Given entries:

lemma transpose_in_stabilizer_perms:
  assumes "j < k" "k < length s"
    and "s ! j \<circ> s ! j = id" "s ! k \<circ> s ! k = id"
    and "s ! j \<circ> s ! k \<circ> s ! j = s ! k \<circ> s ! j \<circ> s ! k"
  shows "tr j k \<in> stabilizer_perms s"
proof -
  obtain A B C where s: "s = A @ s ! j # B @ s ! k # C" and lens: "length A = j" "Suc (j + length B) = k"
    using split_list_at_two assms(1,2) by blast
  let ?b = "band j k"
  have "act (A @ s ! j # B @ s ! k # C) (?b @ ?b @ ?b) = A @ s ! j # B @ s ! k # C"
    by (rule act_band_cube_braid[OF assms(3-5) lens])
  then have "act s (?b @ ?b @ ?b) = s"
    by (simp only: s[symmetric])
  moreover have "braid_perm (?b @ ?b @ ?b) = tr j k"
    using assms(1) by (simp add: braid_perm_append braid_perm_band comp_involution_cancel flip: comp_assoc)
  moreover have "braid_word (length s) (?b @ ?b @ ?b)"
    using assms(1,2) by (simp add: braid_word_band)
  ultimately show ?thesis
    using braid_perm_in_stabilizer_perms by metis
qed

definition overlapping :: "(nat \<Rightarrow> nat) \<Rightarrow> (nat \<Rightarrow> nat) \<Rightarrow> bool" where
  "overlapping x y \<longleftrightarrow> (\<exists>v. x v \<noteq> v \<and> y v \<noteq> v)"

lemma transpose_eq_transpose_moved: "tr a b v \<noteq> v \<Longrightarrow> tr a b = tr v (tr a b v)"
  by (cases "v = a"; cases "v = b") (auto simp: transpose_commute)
==
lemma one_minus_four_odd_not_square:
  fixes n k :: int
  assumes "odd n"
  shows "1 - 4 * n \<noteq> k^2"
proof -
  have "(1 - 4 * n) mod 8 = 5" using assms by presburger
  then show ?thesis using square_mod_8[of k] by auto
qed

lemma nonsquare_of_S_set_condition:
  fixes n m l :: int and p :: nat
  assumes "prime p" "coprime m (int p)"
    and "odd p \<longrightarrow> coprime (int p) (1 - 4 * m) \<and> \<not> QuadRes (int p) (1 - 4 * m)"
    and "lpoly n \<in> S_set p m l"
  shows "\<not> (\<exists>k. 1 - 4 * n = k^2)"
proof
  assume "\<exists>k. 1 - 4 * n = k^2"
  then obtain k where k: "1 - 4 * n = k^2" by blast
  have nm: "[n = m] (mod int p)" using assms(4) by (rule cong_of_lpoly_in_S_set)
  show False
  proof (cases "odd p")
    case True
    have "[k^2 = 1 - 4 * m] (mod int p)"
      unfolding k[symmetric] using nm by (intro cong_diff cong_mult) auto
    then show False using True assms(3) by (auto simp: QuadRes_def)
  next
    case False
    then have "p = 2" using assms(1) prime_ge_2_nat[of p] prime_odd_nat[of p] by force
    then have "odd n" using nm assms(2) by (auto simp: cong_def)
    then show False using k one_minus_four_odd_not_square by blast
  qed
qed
* * *
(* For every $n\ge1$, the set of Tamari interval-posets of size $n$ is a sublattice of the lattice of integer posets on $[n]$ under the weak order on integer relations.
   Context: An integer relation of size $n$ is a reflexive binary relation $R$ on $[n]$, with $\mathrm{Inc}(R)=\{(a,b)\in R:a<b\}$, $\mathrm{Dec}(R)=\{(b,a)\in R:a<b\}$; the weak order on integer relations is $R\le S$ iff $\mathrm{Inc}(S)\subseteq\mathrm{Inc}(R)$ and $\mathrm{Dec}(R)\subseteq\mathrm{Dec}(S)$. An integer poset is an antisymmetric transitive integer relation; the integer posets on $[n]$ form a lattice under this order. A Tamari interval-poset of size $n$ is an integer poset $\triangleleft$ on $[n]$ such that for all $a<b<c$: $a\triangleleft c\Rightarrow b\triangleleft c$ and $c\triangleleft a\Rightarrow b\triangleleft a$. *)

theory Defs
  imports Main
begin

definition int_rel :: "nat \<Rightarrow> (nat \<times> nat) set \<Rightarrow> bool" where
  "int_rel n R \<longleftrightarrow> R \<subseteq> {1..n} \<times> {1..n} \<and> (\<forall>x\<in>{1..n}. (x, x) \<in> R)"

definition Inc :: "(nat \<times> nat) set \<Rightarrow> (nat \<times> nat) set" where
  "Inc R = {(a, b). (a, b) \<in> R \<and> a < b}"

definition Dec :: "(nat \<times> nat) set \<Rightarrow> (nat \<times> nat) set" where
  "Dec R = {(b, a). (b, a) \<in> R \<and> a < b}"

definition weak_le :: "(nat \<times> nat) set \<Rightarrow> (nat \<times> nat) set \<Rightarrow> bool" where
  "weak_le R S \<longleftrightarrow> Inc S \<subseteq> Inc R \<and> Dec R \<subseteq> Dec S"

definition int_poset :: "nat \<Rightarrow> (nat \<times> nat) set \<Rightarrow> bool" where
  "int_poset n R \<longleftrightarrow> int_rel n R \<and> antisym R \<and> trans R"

Task details:
Output, from the data above, the lines from the line with "theory Defs" to the line with "R \<longleftrightarrow> int_rel" exactly as they stand, both ends included and nothing else.

Solution to this problem:
theory Defs
  imports Main
begin

definition int_rel :: "nat \<Rightarrow> (nat \<times> nat) set \<Rightarrow> bool" where
  "int_rel n R \<longleftrightarrow> R \<subseteq> {1..n} \<times> {1..n} \<and> (\<forall>x\<in>{1..n}. (x, x) \<in> R)"

definition Inc :: "(nat \<times> nat) set \<Rightarrow> (nat \<times> nat) set" where
  "Inc R = {(a, b). (a, b) \<in> R \<and> a < b}"

definition Dec :: "(nat \<times> nat) set \<Rightarrow> (nat \<times> nat) set" where
  "Dec R = {(b, a). (b, a) \<in> R \<and> a < b}"

definition weak_le :: "(nat \<times> nat) set \<Rightarrow> (nat \<times> nat) set \<Rightarrow> bool" where
  "weak_le R S \<longleftrightarrow> Inc S \<subseteq> Inc R \<and> Dec R \<subseteq> Dec S"

definition int_poset :: "nat \<Rightarrow> (nat \<times> nat) set \<Rightarrow> bool" where
  "int_poset n R \<longleftrightarrow> int_rel n R \<and> antisym R \<and> trans R"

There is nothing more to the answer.